Рассечённая щека всё-таки зажила, хотя след остался.

В санчасти доктор, густо матерясь, сначала велел отнести в туалет набухшую ветошь. Потом усердно и долго ковырялся в ране скальпелем. Потом из спринцовки несколько раз ожёг её струёй спирта. Затем, изловчившись, прижал мою голову к кушетке и быстро поставил на щеку скрепки.

Помыв руки, он по-свойски угостил меня сигаретой, закурил сам и велел бежать в гастроном за водкой, дабы возместить потерю дефицитного медицинского препарата.

Водку пришлось ставить и всей бригаде: в знак её солидарности со мной и решением отпустить меня домой – до полного заживления раны.

Правда, щека зажила скоро. Наверное, тогда, при первой помощи, совет бригадира здорово помог. Уринотерапия, однако!

23

Привыкнуть к тому, что все отношения в бригаде решаются по праву сильного, долго не получалось, хотя я ни в коем случае не был домашним ребёнком и воспитывался по законам улицы.

Но улица-то была деревенская! Там лежачего не били. И самой большой травмой при выяснении всяческих обстоятельств был разбитый нос или фингал под глазом. А здесь, в бригаде, люди сходились на ножах даже за случайно оброненное слово.

Казалось бы, ну что там – нелицеприятное слово! Метафора. Фонетическое изложение понятия. Вибрация воздуха, и ничего больше!

Ан, нет! Здесь в любую фразу, если ты говоришь не по фене, вкладывают прямой смысл и прямое значение.

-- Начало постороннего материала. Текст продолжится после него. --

(* Let $(A_C,\mathcal R_A)$ be an autocatalytic core of a CRN and let $\overline{\mathbb S}_C=(\mathbb S)_{A_C}^{\mathcal R_A}$ (a square invertible matrix). Then every column of $\overline{\mathbb S}_C^{-1}$ is semi-positive, i.e. $\overline{\mathbb S}_C^{-1}$ has only nonnegative entries and no zero column.
   Context: A chemical reaction network (CRN) consists of a finite species set $\mathcal S$ and a finite set $\mathcal R$ of reactions; each reaction $r$ is written $r^-\to r^+$ with input complex $r^-\in\mathbb Z_{\ge0}^{\mathcal S}$ and output complex $r^+\in\mathbb Z_{\ge0}^{\mathcal S}$. The input and output matrices $\mathbb S^-,\mathbb S^+$ are the $\mathcal S\times\mathcal R$ matrices whose column indexed by $r$ is $r^-$, resp. $r^+$; the stoichiometric matrix is $\mathbb S=\mathbb S^+-\mathbb S^-$. For a matrix $\mathbb A$ with rows indexed by $\mathcal S$ and columns by $\mathcal R$ and subsets $M\subseteq\mathcal S$, $N\subseteq\mathcal R$, $(\mathbb A)_M^N$ is the submatrix with rows in $M$ and columns in $N$. For a vector $\mathbf v$: $\mathbf v\gg\mathbf 0$ means all entries are $>0$; $\mathbf v>\mathbf 0$ (semi-positive) means all entries are $\ge0$ and $\mathbf v\ne\mathbf 0$. A motif is a pair $(\mathcal M,\mathcal R')$ with $\mathcal M\subseteq\mathcal S$, $\mathcal R'\subseteq\mathcal R$. It is exclusively autocatalytic if: (i) there is $\mathbf v\in\mathbb R^{\mathcal R'}$, $\mathbf v\gg\mathbf0$, with $(\mathbb S)_{\mathcal M}^{\mathcal R'}\mathbf v\gg\mathbf 0$; (ii) every row of $(\mathbb S^-)_{\mathcal M}^{\mathcal R'}$ is semi-positive; (iii) every column of $(\mathbb S^-)_{\mathcal M}^{\mathcal R'}$ is semi-positive. An autocatalytic core is an exclusively autocatalytic motif $(A_C,\mathcal R_A)$ such that no motif $(\mathcal M',\mathcal R'')\neq(A_C,\mathcal R_A)$ with $\mathcal M'\subseteq A_C$ and $\mathcal R''\subseteq\mathcal R_A$ is exclusively autocatalytic. *)

theory Defs
  imports Complex_Main
begin

text \<open>A CRN is given by a finite species set Spc, a finite reaction set Rxn, and the
input / output matrices Sin, Sout (column r is the input / output complex of r),
with nonnegative integer entries.\<close>

definition stoich :: "('s \<Rightarrow> 'r \<Rightarrow> nat) \<Rightarrow> ('s \<Rightarrow> 'r \<Rightarrow> nat) \<Rightarrow> 's \<Rightarrow> 'r \<Rightarrow> real" where
  "stoich Sin Sout s r = real (Sout s r) - real (Sin s r)"

text \<open>Exclusively autocatalytic motif (M, R') of the CRN; M is required nonempty
(otherwise the empty motif would trivially qualify and no core could exist).\<close>

definition excl_autocatalytic ::
  "'s set \<Rightarrow> 'r set \<Rightarrow> ('s \<Rightarrow> 'r \<Rightarrow> nat) \<Rightarrow> ('s \<Rightarrow> 'r \<Rightarrow> nat) \<Rightarrow> 's set \<Rightarrow> 'r set \<Rightarrow> bool" where
  "excl_autocatalytic Spc Rxn Sin Sout M R' \<longleftrightarrow>
     M \<subseteq> Spc \<and> R' \<subseteq> Rxn \<and> M \<noteq> {} \<and>
     (\<exists>v :: 'r \<Rightarrow> real. (\<forall>r\<in>R'. v r > 0) \<and>
        (\<forall>s\<in>M. (\<Sum>r\<in>R'. stoich Sin Sout s r * v r) > 0)) \<and>
     (\<forall>s\<in>M. \<exists>r\<in>R'. Sin s r > 0) \<and>
     (\<forall>r\<in>R'. \<exists>s\<in>M. Sin s r > 0)"

definition autocatalytic_core ::
  "'s set \<Rightarrow> 'r set \<Rightarrow> ('s \<Rightarrow> 'r \<Rightarrow> nat) \<Rightarrow> ('s \<Rightarrow> 'r \<Rightarrow> nat) \<Rightarrow> 's set \<Rightarrow> 'r set \<Rightarrow> bool" where
  "autocatalytic_core Spc Rxn Sin Sout AC RA \<longleftrightarrow>
     excl_autocatalytic Spc Rxn Sin Sout AC RA \<and>
     (\<forall>M' R''. M' \<subseteq> AC \<longrightarrow> R'' \<subseteq> RA \<longrightarrow> (M', R'') \<noteq> (AC, RA) \<longrightarrow>
        \<not> excl_autocatalytic Spc Rxn Sin Sout M' R'')"

definition is_inverse_on ::
  "'s set \<Rightarrow> 'r set \<Rightarrow> ('s \<Rightarrow> 'r \<Rightarrow> real) \<Rightarrow> ('r \<Rightarrow> 's \<Rightarrow> real) \<Rightarrow> bool" where
  "is_inverse_on M R A B \<longleftrightarrow>
     (\<forall>s\<in>M. \<forall>s'\<in>M. (\<Sum>r\<in>R. A s r * B r s') = (if s = s' then 1 else 0)) \<and>
     (\<forall>r\<in>R. \<forall>r'\<in>R. (\<Sum>s\<in>M. B r s * A s r') = (if r = r' then 1 else 0))"

end

theory Submission
  imports Defs "Jordan_Normal_Form.Determinant"
begin

text \<open>By minimality of the core, every nonnegative flux on the core reactions that produces
all core species must have full support: its support, together with the core species
consumed there, would otherwise be a smaller exclusively autocatalytic motif. Now let
\<open>v \<gg> 0\<close> be a productive flux and suppose \<open>S d \<ge> 0\<close> on the core species while \<open>d\<close> has a
negative entry. Moving from \<open>v\<close> along \<open>d\<close> until the first coordinate vanishes yields a
productive nonnegative flux with a zero entry, which is impossible. Hence \<open>S d \<ge> 0\<close>
implies \<open>d \<ge> 0\<close>; in particular the core stoichiometric matrix has trivial kernel.
Minimality also gives every core species a reaction consuming no other core species, so
there are at least as many core reactions as core species; the matrix is therefore square
and invertible, and each column of its inverse solves \<open>S d = e\<^sub>s \<ge> 0\<close>.\<close>

lemma wide_mat_trivial_kernel_imp_invertible:
  fixes A :: "'a :: field mat"
  assumes A: "A \<in> carrier_mat n m" and "n \<le> m"
    and ker: "\<And>v. v \<in> carrier_vec m \<Longrightarrow> A *\<^sub>v v = 0\<^sub>v n \<Longrightarrow> v = 0\<^sub>v m"
  shows "n = m \<and> (\<exists>B \<in> carrier_mat m m. B * A = 1\<^sub>m m \<and> A * B = 1\<^sub>m m)"
proof -
  \<comment> \<open>pad \<open>A\<close> with zero rows to a square matrix with the same kernel\<close>
  define P where "P = mat m m (\<lambda>(i, j). if i < n then A $$ (i, j) else 0)"
  have P: "P \<in> carrier_mat m m" by (simp add: P_def)
  have row_P: "row P i = (if i < n then row A i else 0\<^sub>v m)" if "i < m" for i
    using that A by (auto simp: P_def)
  have det_P: "det P \<noteq> 0"
  proof
    assume "det P = 0"
    then obtain v where v: "v \<in> carrier_vec m" "v \<noteq> 0\<^sub>v m" "P *\<^sub>v v = 0\<^sub>v m"
      using det_0_iff_vec_prod_zero_field[OF P] by blast
    have "A *\<^sub>v v = 0\<^sub>v n"
    proof (rule eq_vecI)
      fix i assume "i < dim_vec (0\<^sub>v n :: 'a vec)"
      then have "i < n" "i < m" using \<open>n \<le> m\<close> by auto
      then have "(A *\<^sub>v v) $ i = (P *\<^sub>v v) $ i"
        using A P row_P by simp
      then show "(A *\<^sub>v v) $ i = 0\<^sub>v n $ i" using v(3) \<open>i < n\<close> \<open>i < m\<close> by simp
    qed (use A in simp)
    then show False using ker v by blast
  qed
  have "n = m"
  proof (rule ccontr)
    assume "n \<noteq> m"
    then have "P = mat\<^sub>r m m (\<lambda>i. if i = m - 1 then 0\<^sub>v m else row P i)"
      using \<open>n \<le> m\<close> A by (intro eq_matI) (auto simp: P_def)
    then have "det P = 0"
      using det_row_0[of "m - 1" m "row P"] \<open>n \<le> m\<close> \<open>n \<noteq> m\<close> P by auto
    then show False using det_P by simp
  qed
  moreover have "P = A" using A \<open>n = m\<close> by (intro eq_matI) (auto simp: P_def)
  ultimately show ?thesis
    using det_non_zero_imp_unit[OF P det_P, of "()"] by (auto simp: Units_def ring_mat_def)
qed
lemma herglotz_on_slit_Re_deriv_nonneg:
  assumes H: "herglotz_on_slit c b F" and x: "x \<in> {c<..<b}"
  obtains D where "((\<lambda>t. Re (F (of_real t))) has_real_derivative D) (at x)" and "0 \<le> D"
proof -
  have "of_real x \<in> slit_plane c b"
    using x by (simp add: mem_slit_plane_iff)
  then have FD: "(F has_field_derivative deriv F (of_real x)) (at (of_real x))"
    by (rule holomorphic_derivI[OF herglotz_on_slit_holomorphic[OF H] open_slit_plane])
  define D where "D = deriv F (of_real x)"
  have "((\<lambda>t. Re (F (of_real t))) has_real_derivative Re D) (at x)"
    using has_field_derivative_Re[OF has_vector_derivative_real_field[OF FD]] by (simp add: D_def)
  moreover have "0 \<le> Re D"
    \<comment> \<open>\<open>Re D\<close> is also the slope at \<open>x\<close> of \<open>Im F\<close> on the vertical line, which rises from \<open>0\<close>\<close>
  proof (rule ccontr)
    assume neg: "\<not> 0 \<le> Re D"
    have lin: "((\<lambda>w. of_real x + \<i> * w) has_field_derivative \<i>) (at 0)"
      by (auto intro!: derivative_eq_intros)
    have FD0: "(F has_field_derivative D) (at (of_real x + \<i> * 0))"
      using FD by (simp add: D_def)
    have "((\<lambda>w. F (of_real x + \<i> * w)) has_field_derivative D * \<i>) (at (of_real 0))"
      using DERIV_chain2[OF FD0 lin] by simp
    from has_field_derivative_Im[OF has_vector_derivative_real_field[OF this]]
    have "((\<lambda>t. Im (F (of_real x + \<i> * of_real t))) has_real_derivative Re D) (at 0)"
      by simp
    from DERIV_neg_dec_right[OF this] neg obtain d where "d > 0"
      and d: "\<And>h. 0 < h \<Longrightarrow> h < d \<Longrightarrow>
        Im (F (of_real x + \<i> * of_real (0 + h))) < Im (F (of_real x + \<i> * of_real 0))"
      by force
    have "Im (F (of_real x + \<i> * of_real 0)) = 0"
      using herglotz_on_slit_real[OF H x] by simp
    moreover have "Im (F (of_real x + \<i> * of_real (0 + d / 2))) > 0"
      using \<open>d > 0\<close> by (intro herglotz_on_slit_Im_pos[OF H]) simp
    ultimately show False
      using d[of "d / 2"] \<open>d > 0\<close> by simp
  qed
  ultimately show ?thesis using that by blast
qed
(* Let $H$ be a complex Hilbert space, $A\in B(H)$ a nonzero positive semidefinite operator, and let $T\in B_{A^{1/2}}(H)$ be $A$-invertible in $B_{A^{1/2}}(H)$ with an $A$-inverse $S\in B_{A^{1/2}}(H)$. Then $r_A(T)\,r_A(S)\ge 1$.
   Context: $\|x\|_A=\langle Ax,x\rangle^{1/2}$. For $X\in B(H)$, $\|X\|_A=\sup\{\|Xx\|_A : x\in\overline{R(A)},\ \|x\|_A=1\}$. $B_{A^{1/2}}(H)=\{X\in B(H): R(X^*A^{1/2})\subset R(A^{1/2})\}$. $r_A(X)=\lim_{n\to\infty}\|X^n\|_A^{1/n}$. A nonzero $T\in B_{A^{1/2}}(H)$ is $A$-invertible in $B_{A^{1/2}}(H)$ if there is a nonzero $S\in B_{A^{1/2}}(H)$ (an $A$-inverse of $T$) with $ATS=AST=A$. *)

theory Defs
  imports "HOL-Analysis.Analysis"
begin

class complex_inner = real_inner +
  fixes scaleC :: "complex \<Rightarrow> 'a \<Rightarrow> 'a"
    and cinner :: "'a \<Rightarrow> 'a \<Rightarrow> complex"
  assumes scaleR_scaleC: "scaleR r x = scaleC (complex_of_real r) x"
    and scaleC_add_right: "scaleC a (x + y) = scaleC a x + scaleC a y"
    and scaleC_add_left: "scaleC (a + b) x = scaleC a x + scaleC b x"
    and scaleC_scaleC: "scaleC a (scaleC b x) = scaleC (a * b) x"
    and scaleC_one: "scaleC 1 x = x"
    and cinner_commute: "cinner x y = cnj (cinner y x)"
    and cinner_add_left: "cinner (x + y) z = cinner x z + cinner y z"
    and cinner_scaleC_left: "cinner (scaleC a x) y = cnj a * cinner x y"
    and Re_cinner: "Re (cinner x y) = inner x y"

class chilbert = complex_inner + complete_space

definition bounded_clinear :: "('a::complex_inner \<Rightarrow> 'a) \<Rightarrow> bool" where
  "bounded_clinear X \<longleftrightarrow> bounded_linear X \<and> (\<forall>c x. X (scaleC c x) = scaleC c (X x))"

definition positive_op :: "('a::complex_inner \<Rightarrow> 'a) \<Rightarrow> bool" where
  "positive_op A \<longleftrightarrow> (\<forall>x. Im (cinner (A x) x) = 0 \<and> Re (cinner (A x) x) \<ge> 0)"

definition adjoint_op :: "('a::complex_inner \<Rightarrow> 'a) \<Rightarrow> ('a \<Rightarrow> 'a)" where
  "adjoint_op X = (THE Y. \<forall>x y. cinner (X x) y = cinner x (Y y))"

Скажи такому: "Ну, Мишка, и сукин сын ты! Обещал утром должок вернуть, а сам забыл…"

Никогда не говори так! Самое безобидное, если на тебя потом сверху обрезок трубы свалится, а то ещё, не дай Бог, на верхотуре наступишь на пятно солидола, неизвестно откуда взявшееся. Тогда если не полетишь вниз, хотя и вверх тормашками, то ребро, соскользнув, сломаешь точно.

Здесь шутить не умели, и шуток не одобряли. Разговоры прямы и тяжеловесны, как рельс. Даже в состоянии опьянения лёгкости в обращении не наблюдалось. Чем больше пили, тем больше бычились, наливались злобой и свирепели.

С такими людьми пить опасно. Убирай нож подальше, а хлеб и так разломить можно.

Не убережёшься, отпустишь с языка хмельное весёлое словцо, и – всё! Одно спасение – самому не впасть в такой дебилизм.

Сначала я удивлялся: если не веселиться, то зачем тогда пить? На что получал неопределённый, но короткий ответ "Поживи – увидишь!"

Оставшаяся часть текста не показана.